### Goal of the exercise:
Repeat exactly the lines from the line containing "then show ?case using n_O_rel[OF" to the last line of the listing, including both.

········

(* The relation $t\subseteq\mathbb{N}\times\mathbb{T}$ defined below is the graph of a function $t:\mathbb{N}\to\mathbb{T}$, and this function satisfies $t(n(X))=X$ for all $X\in\mathbb{T}$ and $n(t(x))=x$ for all $x\in\mathbb{N}$.
   Context: Let $\mathbb{T}$ be the set of finite terms defined inductively by: the constant $e\in\mathbb{T}$; and if $X\in\mathbb{T}$ and $Xs$ is a finite (possibly empty) list of elements of $\mathbb{T}$, then $v(X,Xs)\in\mathbb{T}$ and $w(X,Xs)\in\mathbb{T}$. Write $[\,]$ for the empty list and $[Y|Xs]$ for the list with first element $Y$ followed by the list $Xs$ (so $[e,Y|Ys]$ is the list starting with $e$, then $Y$, then $Ys$). Define $n:\mathbb{T}\to\mathbb{N}$ by $n(e)=0$, $n(v(X,[\,]))=2^{n(X)+1}-1$, $n(v(X,[Y|Xs]))=(n(w(Y,Xs))+1)2^{n(X)+1}-1$, $n(w(X,[\,]))=2^{n(X)+2}-2$, $n(w(X,[Y|Xs]))=(n(v(Y,Xs))+2)2^{n(X)+1}-2$. Let $\sigma\subseteq\mathbb{T}\times\mathbb{T}$ be the smallest relation such that (for all terms and lists of the appropriate kinds): (1) $\sigma(e,v(e,[\,]))$; (2) $\sigma(v(e,[\,]),w(e,[\,]))$; (3) if $\sigma(X,X')$ then $\sigma(v(e,[X|Xs]),w(X',Xs))$; (4) if $\sigma(P,T)$ then $\sigma(v(T,Xs),w(e,[P|Xs]))$; (5) if $\sigma(T,T')$ then $\sigma(w(T,[\,]),v(T',[\,]))$; (6) $\sigma(w(Z,[e]),v(Z,[e]))$; (7) if $\sigma(Y,Y')$ then $\sigma(w(Z,[e,Y|Ys]),v(Z,[Y'|Ys]))$; (8) if $\sigma(X',X)$ then $\sigma(w(Z,[X|Xs]),v(Z,[e,X'|Xs]))$. Let $O\subseteq\mathbb{T}\times\mathbb{T}$ consist of the pairs $(e,v(e,[\,]))$, $(w(X,Xs),v(e,[X|Xs]))$, and $(v(X,Xs),v(X',Xs))$ whenever $\sigma(X,X')$. Let $I\subseteq\mathbb{T}\times\mathbb{T}$ consist of the pairs $(e,w(e,[\,]))$, $(v(X,Xs),w(e,[X|Xs]))$, and $(w(X,Xs),w(X',Xs))$ whenever $\sigma(X,X')$. Let $t\subseteq\mathbb{N}\times\mathbb{T}$ be the smallest relation such that: $(0,e)\in t$; if $x>0$ is odd, $((x-1)/2,A)\in t$ and $(A,R)\in O$, then $(x,R)\in t$; if $x>0$ is even, $(x/2-1,A)\in t$ and $(A,R)\in I$, then $(x,R)\in t$. *)

theory Defs
  imports Main
begin

datatype T = e | v T "T list" | w T "T list"

fun n :: "T \<Rightarrow> nat" where
  "n e = 0"
| "n (v X []) = 2 ^ (n X + 1) - 1"
| "n (v X (Y # Xs)) = (n (w Y Xs) + 1) * 2 ^ (n X + 1) - 1"
| "n (w X []) = 2 ^ (n X + 2) - 2"
| "n (w X (Y # Xs)) = (n (v Y Xs) + 2) * 2 ^ (n X + 1) - 2"

inductive \<sigma> :: "T \<Rightarrow> T \<Rightarrow> bool" where
  s1: "\<sigma> e (v e [])"
| s2: "\<sigma> (v e []) (w e [])"
| s3: "\<sigma> X X' \<Longrightarrow> \<sigma> (v e (X # Xs)) (w X' Xs)"
| s4: "\<sigma> P T \<Longrightarrow> \<sigma> (v T Xs) (w e (P # Xs))"
| s5: "\<sigma> T T' \<Longrightarrow> \<sigma> (w T []) (v T' [])"
| s6: "\<sigma> (w Z [e]) (v Z [e])"
| s7: "\<sigma> Y Y' \<Longrightarrow> \<sigma> (w Z (e # Y # Ys)) (v Z (Y' # Ys))"
| s8: "\<sigma> X' X \<Longrightarrow> \<sigma> (w Z (X # Xs)) (v Z (e # X' # Xs))"

inductive O_rel :: "T \<Rightarrow> T \<Rightarrow> bool" where
  "O_rel e (v e [])"
| "O_rel (w X Xs) (v e (X # Xs))"
| "\<sigma> X X' \<Longrightarrow> O_rel (v X Xs) (v X' Xs)"

inductive I_rel :: "T \<Rightarrow> T \<Rightarrow> bool" where
  "I_rel e (w e [])"
| "I_rel (v X Xs) (w e (X # Xs))"
| "\<sigma> X X' \<Longrightarrow> I_rel (w X Xs) (w X' Xs)"

inductive t :: "nat \<Rightarrow> T \<Rightarrow> bool" where
  t0: "t 0 e"
| t_odd: "\<lbrakk>x > 0; odd x; t ((x - 1) div 2) A; O_rel A R\<rbrakk> \<Longrightarrow> t x R"
| t_even: "\<lbrakk>x > 0; even x; t (x div 2 - 1) A; I_rel A R\<rbrakk> \<Longrightarrow> t x R"

end

theory Submission
  imports Defs
begin

text \<open>
  Under the encoding n, the relation \<sigma> is the successor x \<mapsto> x + 1, and O_rel and I_rel are
  the maps x \<mapsto> 2x + 1 and x \<mapsto> 2x + 2 of bijective base 2; hence t x X forces n X = x.
  Rule inversion shows that \<sigma> is functional, so t is functional. Since every term has a
  \<sigma>-successor, t is total; since every term other than e has a \<sigma>-predecessor, every v-term
  is an O_rel-image and every w-term an I_rel-image, which gives t (n X) X by induction on n X.
\<close>

lemma n_v_Nil: "n (v X []) + 1 = 2 ^ (n X + 1)"
  by simp

lemma n_v_Cons: "n (v X (Y # Xs)) + 1 = (n (w Y Xs) + 1) * 2 ^ (n X + 1)"
proof -
  have "1 \<le> (n (w Y Xs) + 1) * (2::nat) ^ (n X + 1)"
    by (simp add: Suc_le_eq)
  then show ?thesis unfolding n.simps by arith
qed

lemma n_w_Nil: "n (w X []) + 2 = 2 ^ (n X + 2)"
proof -
  have "(2::nat) \<le> 2 ^ (n X + 2)"
    using power_increasing[of 1 "n X + 2" "2::nat"] by simp
  then show ?thesis unfolding n.simps by arith
qed

lemma n_w_Cons: "n (w X (Y # Xs)) + 2 = (n (v Y Xs) + 2) * 2 ^ (n X + 1)"
proof -
  have "2 * 1 \<le> (n (v Y Xs) + 2) * (2::nat) ^ (n X + 1)"
    by (intro mult_mono) auto
  then show ?thesis unfolding n.simps by arith
qed

lemma n_v_e_Nil [simp]: "n (v e []) = 1"
  by simp

lemma n_w_e_Nil [simp]: "n (w e []) = 2"
  by simp

text \<open>From here on the forms above, free of truncated subtraction, replace the equations of n.\<close>

declare n.simps(2-5)[simp del]

lemma n_v_head_Suc: "n X' = Suc (n X) \<Longrightarrow> n (v X' Xs) + 1 = 2 * (n (v X Xs) + 1)"
  by (cases Xs) (simp_all only: n_v_Nil n_v_Cons, simp_all)

lemma n_w_head_Suc: "n X' = Suc (n X) \<Longrightarrow> n (w X' Xs) + 2 = 2 * (n (w X Xs) + 2)"
  by (cases Xs) (simp_all only: n_w_Nil n_w_Cons, simp_all)

lemma n_sigma: "\<sigma> X X' \<Longrightarrow> n X' = Suc (n X)"
proof (induction rule: \<sigma>.induct)
  case (s3 X X' Xs)
  then show ?case using n_w_head_Suc[of X' X Xs] n_v_Cons[of e X Xs] by simp
next
  case (s4 P T Xs)
  then show ?case using n_v_head_Suc[of T P Xs] n_w_Cons[of e P Xs] by simp
next
  case (s5 T T')
  then show ?case using n_w_Nil[of T] n_v_Nil[of T'] by simp
next
  case (s6 Z)
  then show ?case using n_w_Cons[of Z e "[]"] n_v_Cons[of Z e "[]"] by simp
next
  case (s7 Y Y' Z Ys)
  then show ?case
    using n_w_head_Suc[of Y' Y Ys] n_w_Cons[of Z e "Y # Ys"] n_v_Cons[of e Y Ys] n_v_Cons[of Z Y' Ys]
    by (simp add: algebra_simps)
next
  case (s8 X' X Z Xs)
  then show ?case
    using n_v_head_Suc[of X X' Xs] n_w_Cons[of Z X Xs] n_v_Cons[of Z e "X' # Xs"] n_w_Cons[of e X' Xs]
    by (simp add: algebra_simps)
qed simp_all

lemma n_O_rel: "O_rel A R \<Longrightarrow> n R = 2 * n A + 1"
proof (induction rule: O_rel.induct)
  case (2 X Xs)
  then show ?case using n_v_Cons[of e X Xs] by simp
next
  case (3 X X' Xs)
  then show ?case using n_v_head_Suc[of X' X Xs] n_sigma by simp
qed simp

lemma n_I_rel: "I_rel A R \<Longrightarrow> n R = 2 * n A + 2"
proof (induction rule: I_rel.induct)
  case (2 X Xs)
  then show ?case using n_w_Cons[of e X Xs] by simp
next
  case (3 X X' Xs)
  then show ?case using n_w_head_Suc[of X' X Xs] n_sigma by simp
qed simp

lemma not_sigma_e: "\<not> \<sigma> X e"
  by (auto elim: \<sigma>.cases)

text \<open>
  Functionality and injectivity of \<sigma> must be proved together (rule s8 needs both), hence
  the equivalence. The rotation makes the inversion act on the second \<sigma>-fact rather than on
  the hypothesis of the rule being inducted over.
\<close>

lemma sigma_eq_iff: "\<sigma> X Y \<Longrightarrow> \<sigma> X' Y' \<Longrightarrow> X = X' \<longleftrightarrow> Y = Y'"
  by (induction arbitrary: X' Y' rule: \<sigma>.induct; rotate_tac -1; erule \<sigma>.cases)
    (auto simp: not_sigma_e)

lemma sigma_functional: "\<sigma> X Y \<Longrightarrow> \<sigma> X Z \<Longrightarrow> Z = Y"
  using sigma_eq_iff by blast

lemma list_head_e_cases:
  obtains "Ys = []" | "Ys = [e]" | Y Ys' where "Ys = e # Y # Ys'" | Y Ys' where "Ys = Y # Ys'" "Y \<noteq> e"
  by (metis list.exhaust)

lemma sigma_left_total_surjective: "(\<exists>X'. \<sigma> X X') \<and> (X \<noteq> e \<longrightarrow> (\<exists>P. \<sigma> P X))"
proof (induction X)
  case e
  then show ?case using s1 by blast
next
  case (v Z Ys)
  show ?case
    by (cases rule: list_head_e_cases[of Ys]; cases "Z = e")
      (use v.IH in \<open>force intro: \<sigma>.intros\<close>)+
next
  case (w Z Ys)
  show ?case
    by (cases rule: list_head_e_cases[of Ys]; cases "Z = e")
      (use w.IH in \<open>force intro: \<sigma>.intros\<close>)+
qed

lemma sigma_successor_exists: "\<exists>X'. \<sigma> X X'"
  using sigma_left_total_surjective by blast

lemma sigma_predecessor_exists: "X \<noteq> e \<Longrightarrow> \<exists>P. \<sigma> P X"
  using sigma_left_total_surjective by blast

lemma O_rel_exists: "\<exists>R. O_rel A R"
  by (cases A) (use sigma_successor_exists in \<open>auto intro: O_rel.intros\<close>)

lemma I_rel_exists: "\<exists>R. I_rel A R"
  by (cases A) (use sigma_successor_exists in \<open>auto intro: I_rel.intros\<close>)

lemma O_rel_functional: "O_rel A R \<Longrightarrow> O_rel A R' \<Longrightarrow> R' = R"
  by (auto elim!: O_rel.cases dest: sigma_functional)

lemma I_rel_functional: "I_rel A R \<Longrightarrow> I_rel A R' \<Longrightarrow> R' = R"
  by (auto elim!: I_rel.cases dest: sigma_functional)

lemma O_rel_onto_v: "\<exists>A. O_rel A (v Z Ys)"
  by (cases "Z = e"; cases Ys) (use sigma_predecessor_exists in \<open>auto intro: O_rel.intros\<close>)

lemma I_rel_onto_w: "\<exists>A. I_rel A (w Z Ys)"
  by (cases "Z = e"; cases Ys) (use sigma_predecessor_exists in \<open>auto intro: I_rel.intros\<close>)

lemma t_exists: "\<exists>X. t x X"
proof (induction x rule: less_induct)
  case (less x)
  consider "x = 0" | "x > 0" "odd x" | "x > 0" "even x"
    by blast
  then show ?case
  proof cases
    case 1
    then show ?thesis using t0 by blast
  next
    case 2
    then obtain A R where "t ((x - 1) div 2) A" "O_rel A R"
      using less[of "(x - 1) div 2"] O_rel_exists by fastforce
    then show ?thesis using t_odd 2 by blast
  next
    case 3
    then obtain A R where "t (x div 2 - 1) A" "I_rel A R"
      using less[of "x div 2 - 1"] I_rel_exists by fastforce
    then show ?thesis using t_even 3 by blast
  qed
qed

lemma t_functional: "t x X \<Longrightarrow> t x Y \<Longrightarrow> Y = X"
proof (induction arbitrary: Y rule: t.induct)
  case t0
  then show ?case by (cases rule: t.cases) auto
next
  case (t_odd x A R)
  from t_odd.prems obtain A' where "t ((x - 1) div 2) A'" "O_rel A' Y"
    using t_odd.hyps by (cases rule: t.cases) auto
  then show ?case using t_odd.IH \<open>O_rel A R\<close> O_rel_functional by blast
next
  case (t_even x A R)
  from t_even.prems obtain A' where "t (x div 2 - 1) A'" "I_rel A' Y"
    using t_even.hyps by (cases rule: t.cases) auto
  then show ?case using t_even.IH \<open>I_rel A R\<close> I_rel_functional by blast
qed

lemma n_eq_of_t: "t x X \<Longrightarrow> n X = x"
proof (induction rule: t.induct)
  case (t_odd x A R)
  then show ?case using n_O_rel[OF t_odd(4)] by (simp add: odd_two_times_div_two_succ)
next
  case (t_even x A R)
  then show ?case using n_I_rel[OF t_even(4)] by (auto elim!: evenE)
qed simp

lemma t_n: "t (n X) X"
proof (induction X rule: measure_induct_rule[of n])
  case (less X)
  show ?case
  proof (cases X)
    case e
    then show ?thesis using t0 by simp
  next
    case (v Z Ys)
    then obtain A where A: "O_rel A X" using O_rel_onto_v by blast
    then have "t (n A) A" using less n_O_rel by simp
    then show ?thesis using t_odd[of "n X" A X] A n_O_rel by simp
  next
    case (w Z Ys)
    then obtain A where A: "I_rel A X" using I_rel_onto_w by blast
    then have "t (n A) A" using less n_I_rel by simp
    then show ?thesis using t_even[of "n X" A X] A n_I_rel by simp
  qed
qed

theorem proposition4:
  shows "(\<forall>x. \<exists>!X. t x X) \<and>
         (\<forall>X. t (n X) X) \<and>
         (\<forall>x. n (THE X. t x X) = x)"
proof (intro conjI allI)
  show unique: "\<exists>!X. t x X" for x
    using t_exists t_functional by blast
  show "t (n X) X" for X
    by (rule t_n)
  show "n (THE X. t x X) = x" for x
    using theI'[OF unique] by (rule n_eq_of_t)
qed

end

········

### Answer space:
  then show ?case using n_O_rel[OF t_odd(4)] by (simp add: odd_two_times_div_two_succ)
next
  case (t_even x A R)
  then show ?case using n_I_rel[OF t_even(4)] by (auto elim!: evenE)
qed simp

lemma t_n: "t (n X) X"
proof (induction X rule: measure_induct_rule[of n])
  case (less X)
  show ?case
  proof (cases X)
    case e
    then show ?thesis using t0 by simp
  next
    case (v Z Ys)
    then obtain A where A: "O_rel A X" using O_rel_onto_v by blast
    then have "t (n A) A" using less n_O_rel by simp
    then show ?thesis using t_odd[of "n X" A X] A n_O_rel by simp
  next
    case (w Z Ys)
    then obtain A where A: "I_rel A X" using I_rel_onto_w by blast
    then have "t (n A) A" using less n_I_rel by simp
    then show ?thesis using t_even[of "n X" A X] A n_I_rel by simp
  qed
qed

theorem proposition4:
  shows "(\<forall>x. \<exists>!X. t x X) \<and>
         (\<forall>X. t (n X) X) \<and>
         (\<forall>x. n (THE X. t x X) = x)"
proof (intro conjI allI)
  show unique: "\<exists>!X. t x X" for x
    using t_exists t_functional by blast
  show "t (n X) X" for X
    by (rule t_n)
  show "n (THE X. t x X) = x" for x
    using theI'[OF unique] by (rule n_eq_of_t)
qed

end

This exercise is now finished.